(Beginning of DATA)

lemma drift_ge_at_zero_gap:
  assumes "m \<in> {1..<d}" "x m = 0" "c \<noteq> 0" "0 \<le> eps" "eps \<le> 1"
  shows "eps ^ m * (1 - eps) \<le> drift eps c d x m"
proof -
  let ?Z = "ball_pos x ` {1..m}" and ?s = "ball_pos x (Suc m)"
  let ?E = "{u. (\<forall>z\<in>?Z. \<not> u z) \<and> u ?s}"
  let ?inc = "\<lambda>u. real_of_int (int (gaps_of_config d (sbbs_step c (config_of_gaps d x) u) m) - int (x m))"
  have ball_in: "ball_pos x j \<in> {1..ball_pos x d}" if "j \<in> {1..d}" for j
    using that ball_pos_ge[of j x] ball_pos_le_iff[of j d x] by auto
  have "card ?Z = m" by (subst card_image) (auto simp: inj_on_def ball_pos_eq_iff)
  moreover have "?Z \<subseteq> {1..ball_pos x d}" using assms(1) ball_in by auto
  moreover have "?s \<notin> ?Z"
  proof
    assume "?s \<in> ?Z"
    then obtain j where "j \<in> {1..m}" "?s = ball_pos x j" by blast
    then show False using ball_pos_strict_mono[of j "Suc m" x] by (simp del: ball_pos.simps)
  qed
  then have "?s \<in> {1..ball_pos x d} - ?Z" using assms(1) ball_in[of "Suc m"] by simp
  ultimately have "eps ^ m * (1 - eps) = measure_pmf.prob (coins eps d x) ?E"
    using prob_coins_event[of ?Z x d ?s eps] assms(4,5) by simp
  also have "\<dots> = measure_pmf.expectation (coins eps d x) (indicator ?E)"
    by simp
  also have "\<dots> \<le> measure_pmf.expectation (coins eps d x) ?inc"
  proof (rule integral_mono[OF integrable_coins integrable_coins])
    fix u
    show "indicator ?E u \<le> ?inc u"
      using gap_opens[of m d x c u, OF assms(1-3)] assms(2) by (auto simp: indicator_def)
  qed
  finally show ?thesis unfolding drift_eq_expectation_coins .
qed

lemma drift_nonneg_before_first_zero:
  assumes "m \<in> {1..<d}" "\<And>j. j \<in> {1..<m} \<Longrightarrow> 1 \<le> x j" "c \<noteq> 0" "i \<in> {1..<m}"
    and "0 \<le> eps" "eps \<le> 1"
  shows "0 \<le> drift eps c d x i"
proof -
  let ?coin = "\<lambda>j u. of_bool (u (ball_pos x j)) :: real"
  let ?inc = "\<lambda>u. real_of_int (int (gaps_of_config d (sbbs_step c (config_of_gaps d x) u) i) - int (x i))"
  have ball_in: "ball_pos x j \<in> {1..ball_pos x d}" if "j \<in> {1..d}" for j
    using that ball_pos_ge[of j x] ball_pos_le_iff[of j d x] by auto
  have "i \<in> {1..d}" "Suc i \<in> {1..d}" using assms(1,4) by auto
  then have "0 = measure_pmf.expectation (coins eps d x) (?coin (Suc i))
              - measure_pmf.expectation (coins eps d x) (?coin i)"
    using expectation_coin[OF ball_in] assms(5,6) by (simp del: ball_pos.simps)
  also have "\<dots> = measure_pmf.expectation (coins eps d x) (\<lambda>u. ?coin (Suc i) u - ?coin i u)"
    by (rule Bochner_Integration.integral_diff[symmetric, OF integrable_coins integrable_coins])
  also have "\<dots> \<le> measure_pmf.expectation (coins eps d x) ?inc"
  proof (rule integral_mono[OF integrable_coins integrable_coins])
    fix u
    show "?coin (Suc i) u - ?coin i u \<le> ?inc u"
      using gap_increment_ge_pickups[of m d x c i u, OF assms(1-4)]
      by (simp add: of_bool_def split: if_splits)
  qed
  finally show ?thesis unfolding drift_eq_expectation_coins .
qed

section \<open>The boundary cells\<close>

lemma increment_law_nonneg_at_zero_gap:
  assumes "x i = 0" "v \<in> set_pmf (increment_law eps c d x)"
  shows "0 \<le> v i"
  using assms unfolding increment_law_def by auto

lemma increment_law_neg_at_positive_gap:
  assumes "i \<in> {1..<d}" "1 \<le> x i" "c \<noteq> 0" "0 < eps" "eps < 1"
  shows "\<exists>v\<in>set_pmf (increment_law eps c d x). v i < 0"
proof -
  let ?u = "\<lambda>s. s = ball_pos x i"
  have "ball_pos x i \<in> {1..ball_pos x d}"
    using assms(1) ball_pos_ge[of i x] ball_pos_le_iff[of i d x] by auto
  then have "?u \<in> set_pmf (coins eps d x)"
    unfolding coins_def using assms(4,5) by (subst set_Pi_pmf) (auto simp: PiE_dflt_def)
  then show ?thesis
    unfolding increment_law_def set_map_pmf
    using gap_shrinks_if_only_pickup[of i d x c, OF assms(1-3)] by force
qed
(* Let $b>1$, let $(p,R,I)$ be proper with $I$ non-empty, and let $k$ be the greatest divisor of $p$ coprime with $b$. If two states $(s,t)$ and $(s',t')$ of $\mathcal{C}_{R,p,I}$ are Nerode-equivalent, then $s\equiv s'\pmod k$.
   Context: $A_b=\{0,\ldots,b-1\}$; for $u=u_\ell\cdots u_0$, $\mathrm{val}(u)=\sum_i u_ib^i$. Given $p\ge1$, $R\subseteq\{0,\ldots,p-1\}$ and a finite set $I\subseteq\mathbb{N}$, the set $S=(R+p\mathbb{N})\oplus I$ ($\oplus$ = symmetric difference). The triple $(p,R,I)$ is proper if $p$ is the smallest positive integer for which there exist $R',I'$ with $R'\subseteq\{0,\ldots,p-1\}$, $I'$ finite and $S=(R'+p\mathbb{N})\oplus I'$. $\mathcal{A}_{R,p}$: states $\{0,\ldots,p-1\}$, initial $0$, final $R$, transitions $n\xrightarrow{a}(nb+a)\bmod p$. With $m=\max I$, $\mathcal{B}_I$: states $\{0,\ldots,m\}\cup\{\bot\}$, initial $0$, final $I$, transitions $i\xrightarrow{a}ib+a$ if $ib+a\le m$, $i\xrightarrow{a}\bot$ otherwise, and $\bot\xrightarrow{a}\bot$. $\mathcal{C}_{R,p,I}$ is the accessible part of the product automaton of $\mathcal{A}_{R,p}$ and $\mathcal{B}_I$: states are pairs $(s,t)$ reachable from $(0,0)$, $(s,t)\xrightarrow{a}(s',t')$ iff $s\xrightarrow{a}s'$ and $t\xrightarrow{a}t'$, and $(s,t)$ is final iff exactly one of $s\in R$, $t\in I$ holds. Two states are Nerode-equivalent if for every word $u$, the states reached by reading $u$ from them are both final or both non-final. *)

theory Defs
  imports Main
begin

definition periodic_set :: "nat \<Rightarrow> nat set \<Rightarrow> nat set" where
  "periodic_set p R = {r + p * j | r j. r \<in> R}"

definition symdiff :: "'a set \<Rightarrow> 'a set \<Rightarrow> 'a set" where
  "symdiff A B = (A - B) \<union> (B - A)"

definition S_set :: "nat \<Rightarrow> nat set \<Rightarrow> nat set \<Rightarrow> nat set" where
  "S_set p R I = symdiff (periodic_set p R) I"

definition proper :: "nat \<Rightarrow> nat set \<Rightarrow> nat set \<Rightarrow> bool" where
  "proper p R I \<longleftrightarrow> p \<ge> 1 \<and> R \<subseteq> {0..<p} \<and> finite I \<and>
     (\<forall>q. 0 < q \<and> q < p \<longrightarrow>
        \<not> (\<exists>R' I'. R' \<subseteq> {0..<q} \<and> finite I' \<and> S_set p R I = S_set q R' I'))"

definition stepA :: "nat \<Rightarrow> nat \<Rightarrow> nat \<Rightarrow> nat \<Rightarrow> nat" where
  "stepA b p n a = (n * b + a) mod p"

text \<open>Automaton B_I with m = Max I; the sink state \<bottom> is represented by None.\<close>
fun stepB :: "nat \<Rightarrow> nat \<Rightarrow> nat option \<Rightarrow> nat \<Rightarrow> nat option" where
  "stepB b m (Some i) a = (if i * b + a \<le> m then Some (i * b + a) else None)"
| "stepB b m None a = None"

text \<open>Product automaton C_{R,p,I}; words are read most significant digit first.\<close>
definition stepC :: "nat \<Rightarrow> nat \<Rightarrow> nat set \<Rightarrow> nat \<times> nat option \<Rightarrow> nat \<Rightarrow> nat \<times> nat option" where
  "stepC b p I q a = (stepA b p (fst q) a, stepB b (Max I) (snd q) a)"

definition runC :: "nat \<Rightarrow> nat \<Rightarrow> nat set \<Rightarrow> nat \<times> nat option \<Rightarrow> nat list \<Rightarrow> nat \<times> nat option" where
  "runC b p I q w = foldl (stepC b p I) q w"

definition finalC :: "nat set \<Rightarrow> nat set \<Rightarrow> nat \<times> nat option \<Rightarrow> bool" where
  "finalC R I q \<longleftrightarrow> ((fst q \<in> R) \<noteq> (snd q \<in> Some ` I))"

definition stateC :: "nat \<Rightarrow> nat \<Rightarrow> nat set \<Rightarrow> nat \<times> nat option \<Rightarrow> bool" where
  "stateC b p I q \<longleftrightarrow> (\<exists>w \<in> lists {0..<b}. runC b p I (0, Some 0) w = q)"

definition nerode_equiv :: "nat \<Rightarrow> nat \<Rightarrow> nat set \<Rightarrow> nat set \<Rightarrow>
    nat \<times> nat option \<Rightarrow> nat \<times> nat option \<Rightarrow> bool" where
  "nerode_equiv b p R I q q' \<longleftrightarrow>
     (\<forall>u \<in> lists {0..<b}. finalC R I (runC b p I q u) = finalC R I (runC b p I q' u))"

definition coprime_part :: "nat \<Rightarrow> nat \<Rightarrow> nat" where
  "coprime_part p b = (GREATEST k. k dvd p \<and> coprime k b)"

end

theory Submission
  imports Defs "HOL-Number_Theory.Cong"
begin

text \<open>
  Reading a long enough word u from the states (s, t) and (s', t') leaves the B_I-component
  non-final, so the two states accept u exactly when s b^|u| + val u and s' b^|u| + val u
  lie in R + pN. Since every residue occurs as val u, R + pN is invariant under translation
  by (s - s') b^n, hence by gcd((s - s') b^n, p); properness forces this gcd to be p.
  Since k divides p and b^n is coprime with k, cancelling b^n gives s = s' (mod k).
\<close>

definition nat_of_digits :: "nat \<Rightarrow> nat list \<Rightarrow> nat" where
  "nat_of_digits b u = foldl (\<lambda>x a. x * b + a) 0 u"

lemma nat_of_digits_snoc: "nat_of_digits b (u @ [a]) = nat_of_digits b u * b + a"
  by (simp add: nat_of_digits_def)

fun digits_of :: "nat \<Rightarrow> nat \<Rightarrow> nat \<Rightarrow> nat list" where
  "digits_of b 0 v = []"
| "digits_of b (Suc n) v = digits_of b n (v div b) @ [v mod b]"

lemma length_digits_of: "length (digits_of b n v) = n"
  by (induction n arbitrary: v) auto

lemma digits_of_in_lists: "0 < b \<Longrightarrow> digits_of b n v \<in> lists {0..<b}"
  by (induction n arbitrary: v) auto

(End of DATA)
(Beginning of DATA)

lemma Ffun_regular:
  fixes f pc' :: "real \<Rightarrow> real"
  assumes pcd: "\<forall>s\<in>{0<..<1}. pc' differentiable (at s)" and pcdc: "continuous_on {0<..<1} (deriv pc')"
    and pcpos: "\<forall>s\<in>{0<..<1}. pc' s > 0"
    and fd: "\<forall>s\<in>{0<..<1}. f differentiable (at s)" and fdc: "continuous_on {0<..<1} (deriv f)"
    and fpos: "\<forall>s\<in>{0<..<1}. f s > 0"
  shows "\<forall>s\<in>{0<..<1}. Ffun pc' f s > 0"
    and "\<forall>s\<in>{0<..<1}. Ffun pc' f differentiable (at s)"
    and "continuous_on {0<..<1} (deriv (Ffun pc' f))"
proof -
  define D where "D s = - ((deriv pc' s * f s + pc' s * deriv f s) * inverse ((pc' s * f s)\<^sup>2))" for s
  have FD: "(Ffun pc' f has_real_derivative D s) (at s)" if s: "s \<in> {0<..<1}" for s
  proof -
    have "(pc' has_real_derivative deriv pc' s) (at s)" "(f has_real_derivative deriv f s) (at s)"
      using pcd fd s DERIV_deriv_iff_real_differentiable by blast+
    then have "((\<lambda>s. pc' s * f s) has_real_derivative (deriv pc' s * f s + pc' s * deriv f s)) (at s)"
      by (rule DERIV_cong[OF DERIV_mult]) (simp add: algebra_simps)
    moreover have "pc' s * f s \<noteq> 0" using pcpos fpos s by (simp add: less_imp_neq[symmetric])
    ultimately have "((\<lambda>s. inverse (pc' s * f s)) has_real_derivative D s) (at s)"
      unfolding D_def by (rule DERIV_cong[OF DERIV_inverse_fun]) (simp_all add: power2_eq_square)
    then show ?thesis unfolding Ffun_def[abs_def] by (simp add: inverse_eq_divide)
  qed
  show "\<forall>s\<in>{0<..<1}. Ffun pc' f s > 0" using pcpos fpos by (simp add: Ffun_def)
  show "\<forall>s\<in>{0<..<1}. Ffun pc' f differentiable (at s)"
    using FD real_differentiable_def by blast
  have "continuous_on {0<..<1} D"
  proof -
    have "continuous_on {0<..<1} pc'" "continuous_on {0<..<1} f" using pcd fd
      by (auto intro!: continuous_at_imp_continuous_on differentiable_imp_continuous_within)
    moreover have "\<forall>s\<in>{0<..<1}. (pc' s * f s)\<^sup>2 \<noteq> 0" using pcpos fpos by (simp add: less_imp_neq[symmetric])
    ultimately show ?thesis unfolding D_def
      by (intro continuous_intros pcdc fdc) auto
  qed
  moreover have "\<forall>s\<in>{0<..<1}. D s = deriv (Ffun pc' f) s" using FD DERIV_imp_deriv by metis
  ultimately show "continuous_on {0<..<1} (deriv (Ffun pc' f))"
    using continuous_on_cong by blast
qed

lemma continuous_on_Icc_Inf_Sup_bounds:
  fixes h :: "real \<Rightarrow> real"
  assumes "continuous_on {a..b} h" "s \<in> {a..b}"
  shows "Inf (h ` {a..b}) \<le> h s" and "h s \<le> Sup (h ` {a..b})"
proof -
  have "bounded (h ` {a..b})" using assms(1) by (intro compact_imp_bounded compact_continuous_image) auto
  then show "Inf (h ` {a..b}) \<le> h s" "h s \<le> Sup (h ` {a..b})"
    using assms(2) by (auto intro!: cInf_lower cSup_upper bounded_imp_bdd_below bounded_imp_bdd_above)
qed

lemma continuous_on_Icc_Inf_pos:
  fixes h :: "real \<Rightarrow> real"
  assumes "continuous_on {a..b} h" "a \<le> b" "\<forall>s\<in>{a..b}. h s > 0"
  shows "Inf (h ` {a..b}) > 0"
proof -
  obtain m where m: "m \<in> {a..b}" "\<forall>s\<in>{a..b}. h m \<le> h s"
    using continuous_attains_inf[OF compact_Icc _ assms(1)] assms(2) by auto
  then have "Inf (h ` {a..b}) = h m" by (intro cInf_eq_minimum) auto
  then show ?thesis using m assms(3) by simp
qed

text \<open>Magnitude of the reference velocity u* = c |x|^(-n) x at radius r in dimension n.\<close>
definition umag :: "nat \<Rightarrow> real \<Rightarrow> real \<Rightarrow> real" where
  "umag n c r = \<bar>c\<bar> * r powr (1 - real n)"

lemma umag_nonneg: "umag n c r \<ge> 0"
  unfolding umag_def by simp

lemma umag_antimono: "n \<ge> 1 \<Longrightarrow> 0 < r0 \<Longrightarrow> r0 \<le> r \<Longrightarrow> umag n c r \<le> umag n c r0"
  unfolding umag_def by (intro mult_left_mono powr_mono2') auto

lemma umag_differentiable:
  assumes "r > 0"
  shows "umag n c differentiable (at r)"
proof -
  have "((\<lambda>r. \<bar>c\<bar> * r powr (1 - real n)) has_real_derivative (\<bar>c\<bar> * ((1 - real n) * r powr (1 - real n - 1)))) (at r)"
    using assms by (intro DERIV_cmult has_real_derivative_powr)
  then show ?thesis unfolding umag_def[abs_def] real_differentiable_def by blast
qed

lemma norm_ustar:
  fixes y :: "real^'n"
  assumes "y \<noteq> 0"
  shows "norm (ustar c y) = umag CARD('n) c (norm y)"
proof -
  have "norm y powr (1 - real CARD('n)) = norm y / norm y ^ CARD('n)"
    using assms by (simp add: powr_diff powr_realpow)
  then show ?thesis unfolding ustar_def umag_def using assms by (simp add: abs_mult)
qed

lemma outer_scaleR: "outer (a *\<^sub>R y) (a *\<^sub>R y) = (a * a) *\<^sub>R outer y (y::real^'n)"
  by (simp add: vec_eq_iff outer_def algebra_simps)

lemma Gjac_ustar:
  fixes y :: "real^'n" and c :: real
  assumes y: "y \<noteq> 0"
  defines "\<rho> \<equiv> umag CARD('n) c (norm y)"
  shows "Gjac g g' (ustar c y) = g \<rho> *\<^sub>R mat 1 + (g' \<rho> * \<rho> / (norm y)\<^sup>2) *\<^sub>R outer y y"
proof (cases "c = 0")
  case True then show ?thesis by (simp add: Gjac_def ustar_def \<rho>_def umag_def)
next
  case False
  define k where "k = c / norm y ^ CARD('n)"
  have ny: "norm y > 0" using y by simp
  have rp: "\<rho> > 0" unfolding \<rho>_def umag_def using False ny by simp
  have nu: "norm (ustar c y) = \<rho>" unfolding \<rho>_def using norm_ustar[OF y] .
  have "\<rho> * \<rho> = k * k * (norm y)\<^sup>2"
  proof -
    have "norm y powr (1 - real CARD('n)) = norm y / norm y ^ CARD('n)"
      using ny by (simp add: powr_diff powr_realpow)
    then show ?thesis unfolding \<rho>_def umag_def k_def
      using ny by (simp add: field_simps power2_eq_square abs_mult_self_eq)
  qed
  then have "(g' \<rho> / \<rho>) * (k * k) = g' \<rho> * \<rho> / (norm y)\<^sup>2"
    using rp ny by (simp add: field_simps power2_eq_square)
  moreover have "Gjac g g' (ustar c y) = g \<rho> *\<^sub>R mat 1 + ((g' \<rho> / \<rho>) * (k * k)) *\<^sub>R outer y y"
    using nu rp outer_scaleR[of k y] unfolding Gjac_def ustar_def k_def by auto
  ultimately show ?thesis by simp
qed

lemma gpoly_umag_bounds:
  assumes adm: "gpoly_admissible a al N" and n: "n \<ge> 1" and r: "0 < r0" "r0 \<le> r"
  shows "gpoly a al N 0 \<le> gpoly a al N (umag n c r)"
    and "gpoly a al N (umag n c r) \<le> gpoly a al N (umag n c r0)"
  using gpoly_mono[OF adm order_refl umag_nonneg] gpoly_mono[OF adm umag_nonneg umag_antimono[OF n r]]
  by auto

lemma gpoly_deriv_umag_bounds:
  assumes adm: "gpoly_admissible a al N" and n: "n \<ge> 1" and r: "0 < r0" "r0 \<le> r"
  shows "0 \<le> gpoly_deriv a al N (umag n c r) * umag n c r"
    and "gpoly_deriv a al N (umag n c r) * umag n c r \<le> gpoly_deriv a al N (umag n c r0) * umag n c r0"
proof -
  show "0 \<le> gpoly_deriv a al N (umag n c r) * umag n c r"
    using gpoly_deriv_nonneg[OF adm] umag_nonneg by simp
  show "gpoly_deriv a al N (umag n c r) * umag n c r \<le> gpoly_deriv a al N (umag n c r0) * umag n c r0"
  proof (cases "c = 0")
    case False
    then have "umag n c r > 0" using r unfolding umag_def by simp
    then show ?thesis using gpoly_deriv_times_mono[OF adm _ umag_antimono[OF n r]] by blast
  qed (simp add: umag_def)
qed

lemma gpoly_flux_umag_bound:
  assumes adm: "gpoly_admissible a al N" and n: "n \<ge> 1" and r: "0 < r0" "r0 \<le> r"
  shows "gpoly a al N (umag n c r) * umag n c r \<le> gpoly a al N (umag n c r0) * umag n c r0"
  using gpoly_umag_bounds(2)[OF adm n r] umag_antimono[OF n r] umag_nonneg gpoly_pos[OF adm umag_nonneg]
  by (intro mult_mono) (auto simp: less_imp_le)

(End of DATA)

WHAT YOU NEED TO DO -> Pull out every line above that holds the word "Some".

THE COMPLETED TASK ->
  "stepB b m (Some i) a = (if i * b + a \<le> m then Some (i * b + a) else None)"
  "finalC R I q \<longleftrightarrow> ((fst q \<in> R) \<noteq> (snd q \<in> Some ` I))"
  "stateC b p I q \<longleftrightarrow> (\<exists>w \<in> lists {0..<b}. runC b p I (0, Some 0) w = q)"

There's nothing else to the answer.